- Born: George Michael Green January 28, 1952 Seymour, Indiana, U.S.
- Died: August 28, 2011 (aged 59) Albuquerque, New Mexico, U.S.
- Genres: Rock, heartland rock, roots rock, folk rock
- Occupation: Songwriter

= George Green (songwriter) =

American songwriter

George Michael Green (January 28, 1952 – August 28, 2011) was an American songwriter. His collaborations with his childhood friend John Mellencamp include the top 10 Billboard hits "Crumblin' Down" and "Hurts So Good", as well as "Key West Intermezzo (I Saw You First)", a No. 1 hit in Canada.

== Career ==
Green was John Mellencamp's long-time writing partner. He was a classmate and childhood friend of Mellencamp's from Seymour, Indiana. In 1985, Green's wife appeared in the video for Mellencamp's top 10 hit "Lonely Ol' Night". In addition to writing with Mellencamp, Green also wrote songs recorded by Barbra Streisand, Level 42, Hall & Oates, Jude Cole, Vanessa Williams, Percy Sledge, Gary Morris, and the Oak Ridge Boys among others.

=== Credits ===
Green's songwriting credits with Mellencamp include:
- "Dream Killing Town" and "Sad Lady" from Chestnut Street Incident (1976)
- "Hurts So Good" (#2 Billboard hit) and "Thundering Hearts" from American Fool (1982)
- "Crumblin' Down" (#9 Billboard hit) and "Warmer Place to Sleep" from Uh-Huh (1983)
- "Rain on the Scarecrow" (#21 Billboard hit) and "Minutes to Memories" from Scarecrow (1985)
- "Empty Hands" from The Lonesome Jubilee (1987)
- "Human Wheels" from Human Wheels (1993)
- "Another Sunny Day 12/25", "The Big Jack" and "The Breakout" from Dance Naked (1994)
- "Key West Intermezzo (I Saw You First)" (#14 Billboard hit), "This May Not Be the End of the World" and "Circling Around the Moon" from Mr. Happy Go Lucky (1996)
- "Your Life Is Now", "Positively Crazy", "It All Comes True", "Where the World Began" and "Break Me Off Some" from John Mellencamp (1998)

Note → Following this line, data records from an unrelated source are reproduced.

lemma has_integral_kB:
  assumes "t < a (Suc N)"
  shows "(kB a b kk has_integral (\<Sum>j=1..N. kk j * overlap (a j) (b j) s t)) {s..t}"
proof (rule has_integral_eq[rotated])
  show "((\<lambda>\<omega>. \<Sum>j=1..N. kk j * indicator {a j..b j} \<omega>) has_integral
          (\<Sum>j=1..N. kk j * overlap (a j) (b j) s t)) {s..t}"
    by (intro has_integral_sum has_integral_mult_right has_integral_indicator_overlap) auto
  show "(\<Sum>j=1..N. kk j * indicator {a j..b j} \<omega>) = kB a b kk \<omega>" if "\<omega> \<in> {s..t}" for \<omega>
    using that assms by (intro kB_eq_sum[symmetric]) auto
qed

lemma kB_integrable: "kB a b kk integrable_on {s..t}"
proof -
  obtain N where "N \<ge> 1" "t < a N"
    using ex_a_gt by blast
  then have "t < a (Suc N)"
    using a_less[of N "Suc N"] by simp
  then show ?thesis
    using has_integral_kB by blast
qed

lemma integral_kB_adjacent:
  "x \<le> y \<Longrightarrow> y \<le> z \<Longrightarrow>
     integral {x..y} (kB a b kk) + integral {y..z} (kB a b kk) = integral {x..z} (kB a b kk)"
  by (intro Henstock_Kurzweil_Integration.integral_combine kB_integrable)

lemma kB_nonneg: "0 \<le> kB a b kk \<omega>"
proof -
  obtain N where "N \<ge> 1" "\<omega> < a N"
    using ex_a_gt by blast
  then have "\<omega> < a (Suc N)"
    using a_less[of N "Suc N"] by simp
  then show ?thesis
    using kk_pos by (auto simp: kB_eq_sum less_imp_le intro!: sum_nonneg)
qed

lemma integral_kB_inside:
  assumes "1 \<le> j" "a j \<le> x" "x \<le> y" "y \<le> b j"
  shows "integral {x..y} (kB a b kk) = kk j * (y - x)"
proof -
  have "y < a (Suc (Suc j))"
    using assms ab[of "Suc j"] ba[of j] a_less[of "Suc j" "Suc (Suc j)"] by simp
  then have "integral {x..y} (kB a b kk) = (\<Sum>i=1..Suc j. kk i * overlap (a i) (b i) x y)"
    by (rule integral_unique[OF has_integral_kB])
  also have "\<dots> = (\<Sum>i\<in>{j}. kk j * (y - x))"
  proof (rule sum.mono_neutral_cong_right)
    show "\<forall>i\<in>{1..Suc j} - {j}. kk i * overlap (a i) (b i) x y = 0"
    proof
      fix i assume "i \<in> {1..Suc j} - {j}"
      then have "1 \<le> i" and "i < j \<or> i = Suc j"
        by auto
      then show "kk i * overlap (a i) (b i) x y = 0"
        using assms b_le_a[of i j] ba[of j] unfolding overlap_def by auto
    qed
  qed (use assms in \<open>auto simp: overlap_def\<close>)
  finally show ?thesis
    by simp
qed

lemma integral_kB_across:
  assumes "1 \<le> m" "m < n" "b m \<le> x" "x \<le> a (Suc m)" "b (n - 1) \<le> y" "y \<le> a n"
  shows "integral {x..y} (kB a b kk) = (\<Sum>j\<in>{m+1..n-1}. kk j * (b j - a j))"
proof -
  have "y < a (Suc n)"
    using assms a_less[of n "Suc n"] by simp
  then have "integral {x..y} (kB a b kk) = (\<Sum>j=1..n. kk j * overlap (a j) (b j) x y)"
    by (rule integral_unique[OF has_integral_kB])
  also have "\<dots> = (\<Sum>j\<in>{m+1..n-1}. kk j * (b j - a j))"
  proof (rule sum.mono_neutral_cong_right)
    show "\<forall>j\<in>{1..n} - {m+1..n-1}. kk j * overlap (a j) (b j) x y = 0"
    proof
      fix j assume "j \<in> {1..n} - {m+1..n-1}"
      then have "1 \<le> j" and "j \<le> m \<or> j = n"
        by auto
      then show "kk j * overlap (a j) (b j) x y = 0"
        using assms b_le[of j m] unfolding overlap_def by auto
    qed
    show "kk j * overlap (a j) (b j) x y = kk j * (b j - a j)" if "j \<in> {m+1..n-1}" for j
      using that assms a_le[of "Suc m" j] b_le[of j "n - 1"] ab[of j]
      unfolding overlap_def by auto
  qed auto
  finally show ?thesis .
qed

definition uniform_damping :: "real \<Rightarrow> real \<Rightarrow> bool" where
  "uniform_damping \<kappa> M \<longleftrightarrow>
     (\<forall>n m. 1 \<le> m \<and> m \<le> n \<longrightarrow> \<kappa> * (a n - b m) - (\<Sum>j\<in>{m+1..n-1}. kk j * (b j - a j)) \<le> M)"

lemma uniform_dampingD:
  "uniform_damping \<kappa> M \<Longrightarrow> 1 \<le> m \<Longrightarrow> m \<le> n \<Longrightarrow>
     \<kappa> * (a n - b m) - (\<Sum>j\<in>{m+1..n-1}. kk j * (b j - a j)) \<le> M"
  unfolding uniform_damping_def by blast

context
  fixes \<kappa> M :: real
  assumes damping: "uniform_damping \<kappa> M"
    and \<kappa>_nonneg: "0 \<le> \<kappa>" and M_nonneg: "0 \<le> M"
begin

lemma kappa_b1_nonneg: "0 \<le> \<kappa> * b 1"
  using \<kappa>_nonneg b1_pos by simp

lemma gap_bound: "1 \<le> j \<Longrightarrow> \<kappa> * (a (Suc j) - b j) \<le> M"
  using uniform_dampingD[OF damping, of j "Suc j"] by simp

text \<open>A single interval [a j, b j] with k j < \<kappa> sits inside the window from b (j-1) to a (j+1),
  so its deficit is controlled by the damping condition for (j-1, j+1).\<close>
lemma interval_deficit_bound:
  assumes "1 \<le> j"
  shows "(\<kappa> - kk j) * (b j - a j) \<le> M + \<kappa> * b 1"
proof (cases "j = 1")
  case True
  have "(\<kappa> - kk 1) * (b 1 - a 1) \<le> \<kappa> * (b 1 - a 1)"
    using kk_pos[of 1] ab[of 1] by (intro mult_right_mono) auto
  then show ?thesis
    using True a1 M_nonneg by simp
next
  case False
  then have j2: "2 \<le> j"
    using assms by simp
  have "\<kappa> * (a (j + 1) - b (j - 1)) - (\<Sum>i\<in>{j-1+1..j+1-1}. kk i * (b i - a i)) \<le> M"
    using uniform_dampingD[OF damping, of "j - 1" "j + 1"] j2 by simp
  moreover have "{j-1+1..j+1-1} = {j}"
    using j2 by auto
  ultimately have window: "\<kappa> * (a (j + 1) - b (j - 1)) - kk j * (b j - a j) \<le> M"
    by simp
  have "b (j - 1) \<le> a j"
    using ba[of "j - 1"] j2 by (simp add: Suc_diff_le)
  then have "\<kappa> * (b j - a j) \<le> \<kappa> * (a (j + 1) - b (j - 1))"
    using ba[of j] j2 \<kappa>_nonneg by (intro mult_left_mono) auto
  then have "(\<kappa> - kk j) * (b j - a j) \<le> M"
    using window by (simp add: algebra_simps)
  then show ?thesis
    using kappa_b1_nonneg by linarith
qed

Green's songwriting credits with Carla Olson include:
- "The Grand Blvd." recorded by Percy Sledge on his 1994 album Blue Night
- "Secret Graves" which Olson included on her 1988 self-titled album a.k.a. Sweden USA
- "The Bell Hotel Is Burning" on the 2023 album Night Comes Falling by Stephen McCarthy and Olson (McCarthy is the third writer of the song)

== Death ==
Green died on August 28, 2011, in Albuquerque, New Mexico at the age of 59 after suffering from a rapid-forming small cell lung cancer.